Four years ago, Roy had an interaction with a patient while working at a clinic in MGH that solidified her belief that healthcare goes beyond simply medicine. It can be a gateway to deeply personal, moving interactions. The man she was treating was getting on in years and was known as being “grumpy” and “curmudgeonly” around the staff and other patients.
“I used to think that all this man did was complain,” Roy said.
One day, he asked Roy for his medication earlier than normal. Initially, Roy refused, but the man insisted. He claimed he was travelling and needed his medication for the upcoming trip.
Curious, Roy inquired about his destination. “Florida,” he responded. As it turned out, each year this man travelled by bus from Massachusetts to the sunshine state to visit his wife’s burial site. Even though she had passed from this life years ago, the man still insisted on spending each anniversary with his wife.
This answer led to a deeper conversation, in which Roy learned that the man had no children or other family, still led an active lifestyle despite being in his mid-eighties and was a veteran of World War II. He’d enlisted when he was only a teenager. He thanked Roy for the medication and told her how it helped him get by each day, running errands and keeping busy.
“Sometimes it pays to just remove your eyes from the computer and just look at the patient and get to know them,” Roy said. “It reminded me how lucky I am to be a doctor.”
Roy’s passion for health and wellness goes beyond the borders of her professional life. In her free time, she runs a blog, spicesforlifemd.com, where she posts healthy recipes and tips for overall healthy living.

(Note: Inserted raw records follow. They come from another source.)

lemma straight_walk:
  assumes p: "p \<in> Zsp d" and q: "q \<in> Zsp d"
  shows "walk_len {z \<in> Zsp d. \<forall>i<d. min (p i) (q i) \<le> z i \<and> z i \<le> max (p i) (q i)}
           (Ginf_adj d) (nat (linf d p q)) p q"
proof -
  define L where "L = nat (linf d p q)"
  have L: "int L = linf d p q"
    using linf_nonneg[of d p q] by (simp add: L_def)
  define w where "w j i = (if i < d then p i + max (- int j) (min (int j) (q i - p i)) else 0)" for j i
  have "w 0 = p"
    using p by (auto simp: w_def Zsp_def)
  moreover have "w L = q"
  proof
    fix i
    show "w L i = q i"
      using q abs_le_linf[of i d q p] L by (auto simp: w_def Zsp_def linf_commute)
  qed
  moreover have "w j \<in> {z \<in> Zsp d. \<forall>i<d. min (p i) (q i) \<le> z i \<and> z i \<le> max (p i) (q i)}" for j
    by (auto simp: w_def Zsp_def)
  moreover have "Ginf_adj d (w j) (w (Suc j))" if "j < L" for j
  proof -
    obtain i0 where "i0 < d" "\<bar>p i0 - q i0\<bar> = int L"
      using linf_attained[of d p q] L \<open>j < L\<close> by auto
    with \<open>j < L\<close> have "w j i0 \<noteq> w (Suc j) i0"
      by (auto simp: w_def)
    moreover have "linf d (w j) (w (Suc j)) \<le> 1"
      by (auto simp: linf_le_iff w_def)
    moreover have "w j \<in> Zsp d" for j
      by (simp add: w_def Zsp_def)
    ultimately show ?thesis
      by (auto simp: Ginf_adj_iff)
  qed
  ultimately show ?thesis
    unfolding walk_len_def L_def[symmetric] by blast
qed

lemma gdist_le_if_linf_le:
  assumes "p \<in> Zsp d" "q \<in> Zsp d" "linf d p q \<le> int r"
  shows "gdist_le (Zsp d) (Ginf_adj d) r p q"
  using walk_len_mono[OF straight_walk[OF assms(1,2)]] assms(3)
  unfolding gdist_le_def by (intro exI[of _ "nat (linf d p q)"]) auto

lemma colour_comp_self: "x \<in> V \<Longrightarrow> x \<in> colour_comp V E f x"
  unfolding colour_comp_def by (auto intro: walk_len_refl)

lemma colour_compD: "y \<in> colour_comp V E f x \<Longrightarrow> y \<in> V \<and> f y = f x"
  unfolding colour_comp_def by (auto dest: walk_len_endpoints)

lemma colour_comp_trans:
  assumes "y \<in> colour_comp V E f x" "z \<in> colour_comp V E f y"
  shows "z \<in> colour_comp V E f x"
proof -
  have "f y = f x"
    using colour_compD[OF assms(1)] by simp
  then obtain l l' where "walk_len {v\<in>V. f v = f x} E l x y" "walk_len {v\<in>V. f v = f x} E l' y z"
    using assms unfolding colour_comp_def by auto
  then have "walk_len {v\<in>V. f v = f x} E (l + l') x z"
    by (rule walk_len_append)
  then show ?thesis
    unfolding colour_comp_def by blast
qed

lemma colour_comp_eq:
  assumes "y \<in> colour_comp V E f x" "symp E"
  shows "colour_comp V E f y = colour_comp V E f x"
proof -
  have "f y = f x"
    using colour_compD[OF assms(1)] by simp
  obtain l where "walk_len {v\<in>V. f v = f x} E l x y"
    using assms(1) unfolding colour_comp_def by blast
  then have "walk_len {v\<in>V. f v = f x} E l y x"
    using assms(2) by (rule walk_len_rev)
  then have "x \<in> colour_comp V E f y"
    unfolding colour_comp_def \<open>f y = f x\<close> by blast
  then show ?thesis
    using colour_comp_trans[OF assms(1)] colour_comp_trans[of x V E f y] by blast
qed

lemma rtranclp_image_in_colour_comp:
  assumes "R\<^sup>*\<^sup>* a0 a" "g a0 \<in> V" "\<And>a b. R a b \<Longrightarrow> g b \<in> colour_comp V E f (g a)"
  shows "g a \<in> colour_comp V E f (g a0)"
  using assms(1)
proof (induction rule: rtranclp_induct)
  case base
  show ?case
    using assms(2) by (rule colour_comp_self)
next
  case (step a b)
  show ?case
    by (rule colour_comp_trans[OF step(3) assms(3)[OF step(2)]])
qed

lemma colour_comp_if_linf_le_1:
  assumes "x \<in> Zsp d" "y \<in> Zsp d" "f y = f x" "linf d x y \<le> 1"
  shows "y \<in> colour_comp (Zsp d) (Ginf_adj d) f x"
proof (cases "x = y")
  case False
  then have "walk_len {v \<in> Zsp d. f v = f x} (Ginf_adj d) 1 x y"
    using assms Ginf_adj_iff by (intro walk_len_edge) auto
  then show ?thesis
    unfolding colour_comp_def by blast
qed (use assms(2) in \<open>auto intro: colour_comp_self\<close>)

lemma one_connected_colour_comp: "one_connected d (colour_comp V (Ginf_adj d) f x)"
  unfolding one_connected_def
proof (intro ballI)
  let ?C = "colour_comp V (Ginf_adj d) f x"
  fix p q assume p: "p \<in> ?C" and q: "q \<in> ?C"
  then have "q \<in> colour_comp V (Ginf_adj d) f p"
    using colour_comp_eq[OF p symp_Ginf_adj] by blast
  then obtain l where "walk_len {v\<in>V. f v = f p} (Ginf_adj d) l p q"
    unfolding colour_comp_def by blast
  then obtain w where w: "w 0 = p" "w l = q" "\<forall>i<l. Ginf_adj d (w i) (w (Suc i))"
    "\<forall>j\<le>l. walk_len {v\<in>V. f v = f p} (Ginf_adj d) j p (w j)"
    by (rule walk_len_prefixes)
  have on_walk: "\<And>j. j \<le> l \<Longrightarrow> w j \<in> ?C"
    using w(4) colour_comp_trans[OF p] unfolding colour_comp_def by blast
  define xs where "xs = map w [0..<Suc l]"
  have xs: "length xs = Suc l" "\<And>i. i \<le> l \<Longrightarrow> xs ! i = w i"
    unfolding xs_def by (simp_all del: upt_Suc)
  then have "xs \<noteq> []" by auto
  moreover have "hd xs = p" "last xs = q"
    using \<open>xs \<noteq> []\<close> xs w(1,2) by (simp_all add: hd_conv_nth last_conv_nth)
  moreover have "set xs \<subseteq> ?C"
    using on_walk xs by (auto simp: in_set_conv_nth)
  moreover have "\<forall>i. Suc i < length xs \<longrightarrow> linf d (xs ! i) (xs ! Suc i) \<le> 1"
    using w(3) xs by (simp add: Ginf_adj_def)
  ultimately show "\<exists>xs. xs \<noteq> [] \<and> hd xs = p \<and> last xs = q \<and> set xs \<subseteq> ?C \<and>
      (\<forall>i. Suc i < length xs \<longrightarrow> linf d (xs ! i) (xs ! Suc i) \<le> 1)"
    by blast
qed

The website was started during Roy’s residency at Duke as a way for her to reach a larger audience and share her passion for cooking and wellness.
“I’m really trying to combine my passion for medicine with media and get my voice out there,” she said. “What’s the point of going to school for all these years and getting all this knowledge if I can’t share it with the people around me?”
Roy’s interest in healthcare for low-income patients has also blended with a passion for photography. Her photo essay, “Capturing the Humanity in Homelessness,” was funded by MGH and now hangs in the office of Rep. Jeffrey Sanchez at the State House.
From Toronto to Boston by way of Katrina, Dr. Lipi Roy has found her passion in helping provide medical attention to some of society’s most overlooked citizens. Her mission now, she says, is the same as it was the first time she wrote it in an essay for medical school: “I want to have a positive impact in this world, one person at a time.”